Dovremmo smetterla di odiarci a vicenda, di creare paure inutili: xenofobia,
omofobia, intolleranze. Dovremmo capire finalmente, grazie alla scienza, grazie
alla ragione che ci rende esseri umani, che sono tutte infondate, che si tratta solo
di odio gratuito, che stiamo facendo di tutto per metterci i bastoni tra le ruote a
vicenda, per auto annientarci.
Finché c’è ignoranza, superstizione, credenza, ci sarà odio, ed è per questo che
libri come questo andrebbero letti e riletti, capiti e interiorizzati, fatti diventare
propri, per imparare il rispetto ed imparare anche ad assumersi le proprie
responsabilità.
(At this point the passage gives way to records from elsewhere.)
(* Let $\mathbf Q=\mathbf Q_n$ be symmetric $n\times n$ matrices with zero diagonal and $\sup_n\|\mathbf Q_n\|_{\rm op}<\infty$, and let $\beta>0$ satisfy $\liminf_{n\to\infty}\frac1n\log\big(2^{-n}Z(\beta,\mathbf Q,\mathbf0)\big)>0$. For $\boldsymbol\sigma\in\{-1,1\}^n$ set $m_i(\boldsymbol\sigma):=\sum_j\mathbf Q_{ij}\sigma_j$ and let $\hat\beta_n$ be the maximum pseudo-likelihood estimator of $\beta$ under the working model $\boldsymbol\mu=\mathbf0$, i.e. a solution $b$ of $S_{\boldsymbol\sigma}(b)=0$ where $S_{\boldsymbol\sigma}(b):=\frac1n\sum_{i=1}^nm_i(\boldsymbol\sigma)\big(\sigma_i-\tanh(b\,m_i(\boldsymbol\sigma))\big)$. Let $s_n=o(n)$. Then $\hat\beta_n\to\beta$ in probability uniformly over $\boldsymbol\mu\in[0,\infty)^n$ with $|\mathrm{supp}(\boldsymbol\mu)|\le s_n$: for every $\eta>0$, $\sup_{\boldsymbol\mu}\mathbb P_{\beta,\mathbf Q,\boldsymbol\mu}(|\hat\beta_n-\beta|>\eta)\to0$. The same conclusion holds if, in addition, the spins on a set $S_1\subset[n]$ with $|S_1|=o(n)$ are fixed to $+1$.
   Context: Ising model: $\mathbb P_{\beta,\mathbf Q,\boldsymbol\mu}(\boldsymbol\sigma)=Z(\beta,\mathbf Q,\boldsymbol\mu)^{-1}\exp(\frac\beta2\boldsymbol\sigma^\top\mathbf Q\boldsymbol\sigma+\boldsymbol\mu^\top\boldsymbol\sigma)$ for $\boldsymbol\sigma\in\{-1,1\}^n$. $\|\cdot\|_{\rm op}$ is the spectral (operator) norm. *)

theory Defs
  imports "HOL-Analysis.Analysis"
begin

text \<open>Matrices of size n are represented as functions nat => nat => real, only the
  entries with indices below n being relevant; vectors likewise as nat => real.\<close>

definition mat_opnorm :: "nat \<Rightarrow> (nat \<Rightarrow> nat \<Rightarrow> real) \<Rightarrow> real" where
  "mat_opnorm n A = Sup {sqrt (\<Sum>i<n. (\<Sum>j<n. A i j * x j)\<^sup>2) | x. (\<Sum>j<n. (x j)\<^sup>2) \<le> 1}"

definition spin_configs :: "nat \<Rightarrow> nat set \<Rightarrow> (nat \<Rightarrow> real) set" where
  "spin_configs n F = {\<sigma> \<in> PiE {0..<n} (\<lambda>_. {-1, 1}). \<forall>i\<in>F. \<sigma> i = 1}"

definition ising_weight ::
  "nat \<Rightarrow> real \<Rightarrow> (nat \<Rightarrow> nat \<Rightarrow> real) \<Rightarrow> (nat \<Rightarrow> real) \<Rightarrow> (nat \<Rightarrow> real) \<Rightarrow> real" where
  "ising_weight n \<beta> Q \<mu> \<sigma> =
     exp (\<beta> / 2 * (\<Sum>i<n. \<Sum>j<n. \<sigma> i * Q i j * \<sigma> j) + (\<Sum>i<n. \<mu> i * \<sigma> i))"

definition ising_Z :: "nat \<Rightarrow> real \<Rightarrow> (nat \<Rightarrow> nat \<Rightarrow> real) \<Rightarrow> (nat \<Rightarrow> real) \<Rightarrow> real" where
  "ising_Z n \<beta> Q \<mu> = (\<Sum>\<sigma>\<in>spin_configs n {}. ising_weight n \<beta> Q \<mu> \<sigma>)"

text \<open>Probability of an event A under the Ising model P_{beta,Q,mu} on {-1,1}^n,
  conditioned on (i.e. restricted to) the spins in F being +1; F = {} is the plain model.\<close>
definition ising_prob ::
  "nat \<Rightarrow> real \<Rightarrow> (nat \<Rightarrow> nat \<Rightarrow> real) \<Rightarrow> (nat \<Rightarrow> real) \<Rightarrow> nat set \<Rightarrow> (nat \<Rightarrow> real) set \<Rightarrow> real" where
  "ising_prob n \<beta> Q \<mu> F A =
     (\<Sum>\<sigma>\<in>spin_configs n F \<inter> A. ising_weight n \<beta> Q \<mu> \<sigma>) /
     (\<Sum>\<sigma>\<in>spin_configs n F. ising_weight n \<beta> Q \<mu> \<sigma>)"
Non siamo isole nel mare, indipendenti gli uni dagli altri, ma
siamo costantemente in contatto tra di noi, anche con persone dall’altra parte
del mondo, con i social network. Ed è purtroppo anche a causa dei social se un
determinato atto denigratorio verso qualcuno o qualche categoria presupposta
da chi muove l’offesa diventi visibile a tutti, potenzialmente oggetto di
approvazioni di altri. Basta davvero poco per creare delle bestie, la Storia ce lo
dice, ce lo ha insegnato, ma noi sembriamo sempre ciechi, non riusciamo a
capire che stiamo sbagliando ancora, e ancora, e che continueremo a sbagliare
finché forse non coglieremo quello che il passato ha avuto da dirci.
E quando finalmente coglieremo il senso di quelle parole, allora ci renderemo
conto di quanto sangue inutile è stato versato; chi riesce già a comprendere
queste parole, sta già soffrendo.
Mi piace pensare che ci possa essere un tempo in cui l'uomo si possa redimere
dalla crudeltà che ha commesso in passato e che questo tempo possa essere
sempre, in ogni momento. Ogni forma di crudeltà e ingiustizia, causata
dall'ignoranza, dall'abuso del potere, dalla smania di grandezza, dalla necessità di
ottenere qualcosa. Sta a noi decidere quando l'uomo potrà finalmente
abbandonare la grettezza della violenza gratuita per vivere davvero: perchè
questo non è vivere. Da ateo ritengo che il Peccato Originale sia tutto ciò che
man mano ci stiamo portando dietro di nefasto, di ingiusto, e che questa colpa
non sia stata ancora espiata. Verrà il giudizio universale, ma verrà anche il
giudizio di ogni singola nostra vita, e saremo noi, proprio noi, nella vecchiaia, ad
un passo da abbandonare questo mondo, che ci volteremo indietro e vedremo
tutta la nostra vita scorrere davanti ai nostri occhi: solo lì ci renderemo conto di
aver vissuto per qualcosa, di aver fatto del bene, o di essere stati crudeli, spietati,
di non esserci mai pentiti e mortificati, o ancora di aver perso tempo in vita, di
non aver fatto nulla per impedire violenza gratuita, di non aver fatto del bene a
noi stessi e agli altri: come scriveva Seneca, "Non vixit iste, sed in vita moratus
est".

Un giorno ce ne renderemo conto, tutti, prima o poi. I freddi rimarranno tali, si


lasceranno scivolare di dosso il peso del passato, altri accuseranno il colpo.